» **Instructions to follow**
Every line in the records below between the one holding "unfolding rows ." and the one holding "w3 (bas Ga)", inclusive, is to be set down exactly; all other lines are to be left out.
*** Begin section ***
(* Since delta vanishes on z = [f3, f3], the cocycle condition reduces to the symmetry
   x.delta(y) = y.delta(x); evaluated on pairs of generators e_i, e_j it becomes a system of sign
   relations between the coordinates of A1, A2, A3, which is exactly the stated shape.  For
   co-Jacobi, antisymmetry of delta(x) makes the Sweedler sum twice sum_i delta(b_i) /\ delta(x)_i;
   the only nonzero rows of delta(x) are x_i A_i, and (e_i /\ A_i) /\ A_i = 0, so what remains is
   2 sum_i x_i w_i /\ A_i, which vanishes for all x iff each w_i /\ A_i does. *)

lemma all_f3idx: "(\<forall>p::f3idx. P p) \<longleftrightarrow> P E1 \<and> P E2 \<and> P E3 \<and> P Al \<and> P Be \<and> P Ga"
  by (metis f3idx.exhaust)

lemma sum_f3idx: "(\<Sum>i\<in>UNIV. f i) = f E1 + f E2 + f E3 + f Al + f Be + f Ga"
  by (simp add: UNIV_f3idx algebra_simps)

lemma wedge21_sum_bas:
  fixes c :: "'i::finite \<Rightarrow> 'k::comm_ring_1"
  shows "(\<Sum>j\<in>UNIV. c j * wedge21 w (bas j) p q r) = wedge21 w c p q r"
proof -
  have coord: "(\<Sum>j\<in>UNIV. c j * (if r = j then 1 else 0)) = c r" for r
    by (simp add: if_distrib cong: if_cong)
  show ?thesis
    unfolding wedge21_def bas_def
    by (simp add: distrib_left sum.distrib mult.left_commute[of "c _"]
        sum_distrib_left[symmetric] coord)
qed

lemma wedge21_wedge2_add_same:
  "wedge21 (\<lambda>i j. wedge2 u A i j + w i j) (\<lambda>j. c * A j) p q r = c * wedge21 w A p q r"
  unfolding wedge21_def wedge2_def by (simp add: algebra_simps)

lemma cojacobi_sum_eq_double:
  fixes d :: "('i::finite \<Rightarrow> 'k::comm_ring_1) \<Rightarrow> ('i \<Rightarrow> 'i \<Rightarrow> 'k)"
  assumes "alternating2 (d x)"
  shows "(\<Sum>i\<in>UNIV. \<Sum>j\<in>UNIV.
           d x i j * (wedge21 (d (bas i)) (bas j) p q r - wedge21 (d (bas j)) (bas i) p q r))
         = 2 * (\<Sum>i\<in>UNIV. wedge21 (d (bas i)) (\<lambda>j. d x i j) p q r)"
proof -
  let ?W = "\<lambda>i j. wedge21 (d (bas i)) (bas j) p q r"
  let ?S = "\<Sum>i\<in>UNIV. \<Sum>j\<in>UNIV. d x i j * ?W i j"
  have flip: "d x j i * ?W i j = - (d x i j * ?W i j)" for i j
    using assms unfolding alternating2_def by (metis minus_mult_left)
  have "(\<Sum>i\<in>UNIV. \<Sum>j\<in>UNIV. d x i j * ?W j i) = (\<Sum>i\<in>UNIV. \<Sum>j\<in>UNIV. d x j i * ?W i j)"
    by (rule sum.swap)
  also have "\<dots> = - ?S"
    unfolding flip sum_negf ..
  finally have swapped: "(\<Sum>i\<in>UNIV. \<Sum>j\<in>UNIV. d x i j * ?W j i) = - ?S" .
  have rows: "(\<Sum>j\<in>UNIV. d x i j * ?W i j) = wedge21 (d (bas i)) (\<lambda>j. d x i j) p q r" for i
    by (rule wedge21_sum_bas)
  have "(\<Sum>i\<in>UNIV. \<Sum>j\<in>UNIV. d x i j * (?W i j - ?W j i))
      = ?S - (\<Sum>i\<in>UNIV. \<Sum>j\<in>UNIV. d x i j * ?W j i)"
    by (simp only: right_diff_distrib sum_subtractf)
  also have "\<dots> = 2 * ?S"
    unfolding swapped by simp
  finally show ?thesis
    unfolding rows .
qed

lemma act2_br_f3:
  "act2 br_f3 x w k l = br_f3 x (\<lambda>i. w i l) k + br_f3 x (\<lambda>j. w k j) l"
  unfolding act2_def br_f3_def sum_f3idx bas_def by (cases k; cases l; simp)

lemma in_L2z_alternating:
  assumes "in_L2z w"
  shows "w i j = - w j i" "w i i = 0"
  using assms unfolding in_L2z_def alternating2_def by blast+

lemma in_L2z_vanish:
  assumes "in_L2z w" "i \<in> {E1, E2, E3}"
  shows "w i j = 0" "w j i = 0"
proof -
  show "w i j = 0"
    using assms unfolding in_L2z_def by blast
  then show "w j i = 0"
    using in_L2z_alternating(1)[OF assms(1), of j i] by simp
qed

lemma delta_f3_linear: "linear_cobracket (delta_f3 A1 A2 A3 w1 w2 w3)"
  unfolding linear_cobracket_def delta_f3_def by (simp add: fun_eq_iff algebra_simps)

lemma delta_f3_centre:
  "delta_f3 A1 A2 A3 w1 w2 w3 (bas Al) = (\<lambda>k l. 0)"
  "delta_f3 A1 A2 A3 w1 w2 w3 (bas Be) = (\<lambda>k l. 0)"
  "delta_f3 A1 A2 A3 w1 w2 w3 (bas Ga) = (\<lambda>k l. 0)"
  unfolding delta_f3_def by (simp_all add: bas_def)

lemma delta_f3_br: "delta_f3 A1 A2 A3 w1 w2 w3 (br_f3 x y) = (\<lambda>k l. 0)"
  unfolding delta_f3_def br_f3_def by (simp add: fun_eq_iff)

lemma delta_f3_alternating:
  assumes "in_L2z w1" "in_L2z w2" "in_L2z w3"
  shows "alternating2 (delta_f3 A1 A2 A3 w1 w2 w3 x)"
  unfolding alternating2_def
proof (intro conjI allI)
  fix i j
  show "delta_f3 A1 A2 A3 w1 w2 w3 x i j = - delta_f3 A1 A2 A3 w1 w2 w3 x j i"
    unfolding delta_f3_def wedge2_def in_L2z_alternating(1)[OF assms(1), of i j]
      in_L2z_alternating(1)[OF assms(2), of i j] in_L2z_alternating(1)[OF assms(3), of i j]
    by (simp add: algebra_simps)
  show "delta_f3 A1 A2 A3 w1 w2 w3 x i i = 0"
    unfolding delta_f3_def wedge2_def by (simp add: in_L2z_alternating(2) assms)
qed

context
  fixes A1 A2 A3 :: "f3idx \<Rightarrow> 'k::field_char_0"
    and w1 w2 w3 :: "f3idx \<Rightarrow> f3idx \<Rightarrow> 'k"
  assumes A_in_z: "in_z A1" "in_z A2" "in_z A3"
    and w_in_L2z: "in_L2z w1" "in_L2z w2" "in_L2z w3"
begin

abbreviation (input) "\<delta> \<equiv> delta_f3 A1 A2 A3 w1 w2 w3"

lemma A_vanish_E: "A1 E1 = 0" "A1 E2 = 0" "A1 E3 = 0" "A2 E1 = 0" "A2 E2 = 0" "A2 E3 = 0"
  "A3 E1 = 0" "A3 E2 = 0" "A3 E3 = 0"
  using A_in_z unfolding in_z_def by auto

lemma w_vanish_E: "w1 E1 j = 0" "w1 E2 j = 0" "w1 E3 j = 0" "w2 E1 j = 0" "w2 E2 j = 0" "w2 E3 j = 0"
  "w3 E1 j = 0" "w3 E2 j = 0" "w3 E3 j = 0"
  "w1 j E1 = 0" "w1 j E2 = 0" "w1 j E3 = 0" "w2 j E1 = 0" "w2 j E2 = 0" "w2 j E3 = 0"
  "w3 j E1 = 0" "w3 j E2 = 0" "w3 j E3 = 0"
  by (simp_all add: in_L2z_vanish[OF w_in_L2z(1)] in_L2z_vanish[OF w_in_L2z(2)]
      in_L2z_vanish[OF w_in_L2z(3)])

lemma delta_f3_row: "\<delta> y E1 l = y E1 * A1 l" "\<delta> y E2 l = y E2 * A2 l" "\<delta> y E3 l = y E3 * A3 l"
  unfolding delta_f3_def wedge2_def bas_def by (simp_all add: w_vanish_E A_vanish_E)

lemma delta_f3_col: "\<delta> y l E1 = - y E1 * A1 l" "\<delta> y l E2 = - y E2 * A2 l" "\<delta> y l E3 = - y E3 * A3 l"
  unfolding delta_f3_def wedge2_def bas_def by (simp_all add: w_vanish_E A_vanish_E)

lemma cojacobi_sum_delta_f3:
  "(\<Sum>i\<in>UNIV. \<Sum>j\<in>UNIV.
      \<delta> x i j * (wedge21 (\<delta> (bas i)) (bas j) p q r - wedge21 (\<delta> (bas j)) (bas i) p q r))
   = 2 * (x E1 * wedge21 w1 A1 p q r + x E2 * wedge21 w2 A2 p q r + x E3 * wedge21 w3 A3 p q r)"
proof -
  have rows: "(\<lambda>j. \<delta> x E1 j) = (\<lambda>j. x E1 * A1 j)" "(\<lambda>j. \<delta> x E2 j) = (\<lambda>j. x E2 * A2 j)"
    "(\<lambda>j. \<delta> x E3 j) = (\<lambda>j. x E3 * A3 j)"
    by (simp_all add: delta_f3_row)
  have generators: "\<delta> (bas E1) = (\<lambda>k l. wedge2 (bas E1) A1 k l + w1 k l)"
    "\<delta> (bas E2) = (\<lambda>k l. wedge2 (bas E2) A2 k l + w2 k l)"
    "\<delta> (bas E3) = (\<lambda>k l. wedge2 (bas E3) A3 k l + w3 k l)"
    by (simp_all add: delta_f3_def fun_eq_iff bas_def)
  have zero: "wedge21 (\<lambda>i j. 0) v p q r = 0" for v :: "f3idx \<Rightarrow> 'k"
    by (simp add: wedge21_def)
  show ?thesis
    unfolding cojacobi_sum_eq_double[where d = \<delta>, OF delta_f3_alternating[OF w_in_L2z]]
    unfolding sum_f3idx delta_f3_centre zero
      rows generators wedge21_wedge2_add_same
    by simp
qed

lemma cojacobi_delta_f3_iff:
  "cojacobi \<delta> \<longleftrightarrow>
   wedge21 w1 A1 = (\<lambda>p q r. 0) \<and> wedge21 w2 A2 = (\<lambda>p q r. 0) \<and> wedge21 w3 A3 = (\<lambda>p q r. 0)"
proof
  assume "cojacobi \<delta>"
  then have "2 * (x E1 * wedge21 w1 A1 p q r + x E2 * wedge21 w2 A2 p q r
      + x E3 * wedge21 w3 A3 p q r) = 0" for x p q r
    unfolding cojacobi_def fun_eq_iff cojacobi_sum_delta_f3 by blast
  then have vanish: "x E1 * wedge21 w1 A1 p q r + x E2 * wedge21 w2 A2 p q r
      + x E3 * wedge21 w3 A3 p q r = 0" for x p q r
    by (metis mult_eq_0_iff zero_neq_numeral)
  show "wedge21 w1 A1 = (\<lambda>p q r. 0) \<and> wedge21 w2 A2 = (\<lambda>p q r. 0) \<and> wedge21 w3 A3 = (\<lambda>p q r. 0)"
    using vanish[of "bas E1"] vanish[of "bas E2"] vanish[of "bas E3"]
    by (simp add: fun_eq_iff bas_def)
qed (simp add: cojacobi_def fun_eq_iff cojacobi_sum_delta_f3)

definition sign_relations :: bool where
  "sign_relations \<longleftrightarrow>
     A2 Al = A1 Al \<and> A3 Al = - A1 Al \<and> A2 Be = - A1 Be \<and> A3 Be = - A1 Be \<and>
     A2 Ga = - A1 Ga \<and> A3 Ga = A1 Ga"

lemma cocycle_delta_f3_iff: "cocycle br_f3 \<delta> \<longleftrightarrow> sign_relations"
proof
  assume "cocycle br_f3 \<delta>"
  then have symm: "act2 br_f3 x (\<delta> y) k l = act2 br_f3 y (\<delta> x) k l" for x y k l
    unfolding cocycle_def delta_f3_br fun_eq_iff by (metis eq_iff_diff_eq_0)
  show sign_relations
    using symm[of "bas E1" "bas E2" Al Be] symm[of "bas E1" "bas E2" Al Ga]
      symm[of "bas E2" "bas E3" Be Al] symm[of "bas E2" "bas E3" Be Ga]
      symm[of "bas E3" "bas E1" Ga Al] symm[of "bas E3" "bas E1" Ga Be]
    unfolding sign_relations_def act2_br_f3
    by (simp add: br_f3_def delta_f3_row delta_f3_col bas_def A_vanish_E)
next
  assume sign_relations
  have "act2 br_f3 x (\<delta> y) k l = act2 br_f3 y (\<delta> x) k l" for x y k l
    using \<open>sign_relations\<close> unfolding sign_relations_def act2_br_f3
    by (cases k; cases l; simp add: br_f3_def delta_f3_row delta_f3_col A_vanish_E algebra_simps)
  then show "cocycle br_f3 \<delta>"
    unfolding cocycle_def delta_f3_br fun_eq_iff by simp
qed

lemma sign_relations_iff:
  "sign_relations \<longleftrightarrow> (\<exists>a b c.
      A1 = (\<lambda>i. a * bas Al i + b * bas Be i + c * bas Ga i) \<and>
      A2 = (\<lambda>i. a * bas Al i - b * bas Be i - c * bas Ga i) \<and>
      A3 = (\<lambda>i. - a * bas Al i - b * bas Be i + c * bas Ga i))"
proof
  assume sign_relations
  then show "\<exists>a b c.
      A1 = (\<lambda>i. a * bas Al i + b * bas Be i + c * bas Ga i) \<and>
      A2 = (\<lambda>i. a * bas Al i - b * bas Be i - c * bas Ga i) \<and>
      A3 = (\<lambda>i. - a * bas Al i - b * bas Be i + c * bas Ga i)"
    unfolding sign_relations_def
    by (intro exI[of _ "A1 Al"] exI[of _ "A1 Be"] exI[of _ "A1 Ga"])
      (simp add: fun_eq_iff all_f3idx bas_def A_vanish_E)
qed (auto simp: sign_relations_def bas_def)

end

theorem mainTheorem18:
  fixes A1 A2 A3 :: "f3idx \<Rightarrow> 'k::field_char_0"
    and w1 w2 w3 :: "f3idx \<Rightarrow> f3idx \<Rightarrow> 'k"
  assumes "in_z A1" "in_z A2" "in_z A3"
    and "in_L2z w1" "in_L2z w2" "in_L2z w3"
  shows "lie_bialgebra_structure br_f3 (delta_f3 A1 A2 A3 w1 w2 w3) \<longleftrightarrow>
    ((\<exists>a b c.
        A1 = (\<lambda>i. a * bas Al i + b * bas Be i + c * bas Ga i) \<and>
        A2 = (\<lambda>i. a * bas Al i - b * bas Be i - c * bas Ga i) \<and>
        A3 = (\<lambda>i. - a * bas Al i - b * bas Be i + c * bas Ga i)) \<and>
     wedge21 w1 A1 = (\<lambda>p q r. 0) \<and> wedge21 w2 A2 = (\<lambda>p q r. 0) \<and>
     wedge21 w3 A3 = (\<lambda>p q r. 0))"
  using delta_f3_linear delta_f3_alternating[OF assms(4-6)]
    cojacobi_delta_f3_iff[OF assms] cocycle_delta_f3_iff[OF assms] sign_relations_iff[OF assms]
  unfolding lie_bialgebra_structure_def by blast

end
*** End section ***
*** Begin section ***
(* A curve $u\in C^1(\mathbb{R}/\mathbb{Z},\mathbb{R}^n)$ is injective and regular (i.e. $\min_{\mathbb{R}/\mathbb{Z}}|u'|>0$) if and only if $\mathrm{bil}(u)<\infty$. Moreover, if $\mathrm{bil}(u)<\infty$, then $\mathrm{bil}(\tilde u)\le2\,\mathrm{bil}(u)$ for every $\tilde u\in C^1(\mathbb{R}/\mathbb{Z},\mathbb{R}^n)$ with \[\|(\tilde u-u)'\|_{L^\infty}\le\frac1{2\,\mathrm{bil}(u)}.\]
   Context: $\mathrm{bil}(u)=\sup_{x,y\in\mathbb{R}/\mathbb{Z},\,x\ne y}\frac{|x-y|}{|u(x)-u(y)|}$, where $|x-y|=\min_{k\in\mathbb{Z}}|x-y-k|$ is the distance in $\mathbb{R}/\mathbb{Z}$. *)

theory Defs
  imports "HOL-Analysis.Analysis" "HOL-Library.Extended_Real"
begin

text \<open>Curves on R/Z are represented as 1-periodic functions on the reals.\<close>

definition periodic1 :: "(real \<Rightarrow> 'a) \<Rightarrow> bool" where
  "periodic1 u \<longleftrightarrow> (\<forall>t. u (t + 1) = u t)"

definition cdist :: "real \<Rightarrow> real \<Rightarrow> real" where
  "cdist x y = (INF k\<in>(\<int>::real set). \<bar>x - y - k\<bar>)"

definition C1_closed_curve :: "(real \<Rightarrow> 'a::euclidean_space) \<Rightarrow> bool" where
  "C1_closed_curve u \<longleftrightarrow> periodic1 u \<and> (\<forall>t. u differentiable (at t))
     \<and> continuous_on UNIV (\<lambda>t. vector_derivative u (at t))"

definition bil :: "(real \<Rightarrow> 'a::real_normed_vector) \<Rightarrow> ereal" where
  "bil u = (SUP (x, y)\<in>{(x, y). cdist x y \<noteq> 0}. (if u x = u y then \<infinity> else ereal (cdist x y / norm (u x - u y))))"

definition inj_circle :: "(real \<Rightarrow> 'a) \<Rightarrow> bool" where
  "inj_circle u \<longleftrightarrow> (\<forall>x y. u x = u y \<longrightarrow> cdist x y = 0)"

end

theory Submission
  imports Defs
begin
*** End section ***
» **Task solution**
    unfolding rows .
qed

lemma act2_br_f3:
  "act2 br_f3 x w k l = br_f3 x (\<lambda>i. w i l) k + br_f3 x (\<lambda>j. w k j) l"
  unfolding act2_def br_f3_def sum_f3idx bas_def by (cases k; cases l; simp)

lemma in_L2z_alternating:
  assumes "in_L2z w"
  shows "w i j = - w j i" "w i i = 0"
  using assms unfolding in_L2z_def alternating2_def by blast+

lemma in_L2z_vanish:
  assumes "in_L2z w" "i \<in> {E1, E2, E3}"
  shows "w i j = 0" "w j i = 0"
proof -
  show "w i j = 0"
    using assms unfolding in_L2z_def by blast
  then show "w j i = 0"
    using in_L2z_alternating(1)[OF assms(1), of j i] by simp
qed

lemma delta_f3_linear: "linear_cobracket (delta_f3 A1 A2 A3 w1 w2 w3)"
  unfolding linear_cobracket_def delta_f3_def by (simp add: fun_eq_iff algebra_simps)

lemma delta_f3_centre:
  "delta_f3 A1 A2 A3 w1 w2 w3 (bas Al) = (\<lambda>k l. 0)"
  "delta_f3 A1 A2 A3 w1 w2 w3 (bas Be) = (\<lambda>k l. 0)"
  "delta_f3 A1 A2 A3 w1 w2 w3 (bas Ga) = (\<lambda>k l. 0)"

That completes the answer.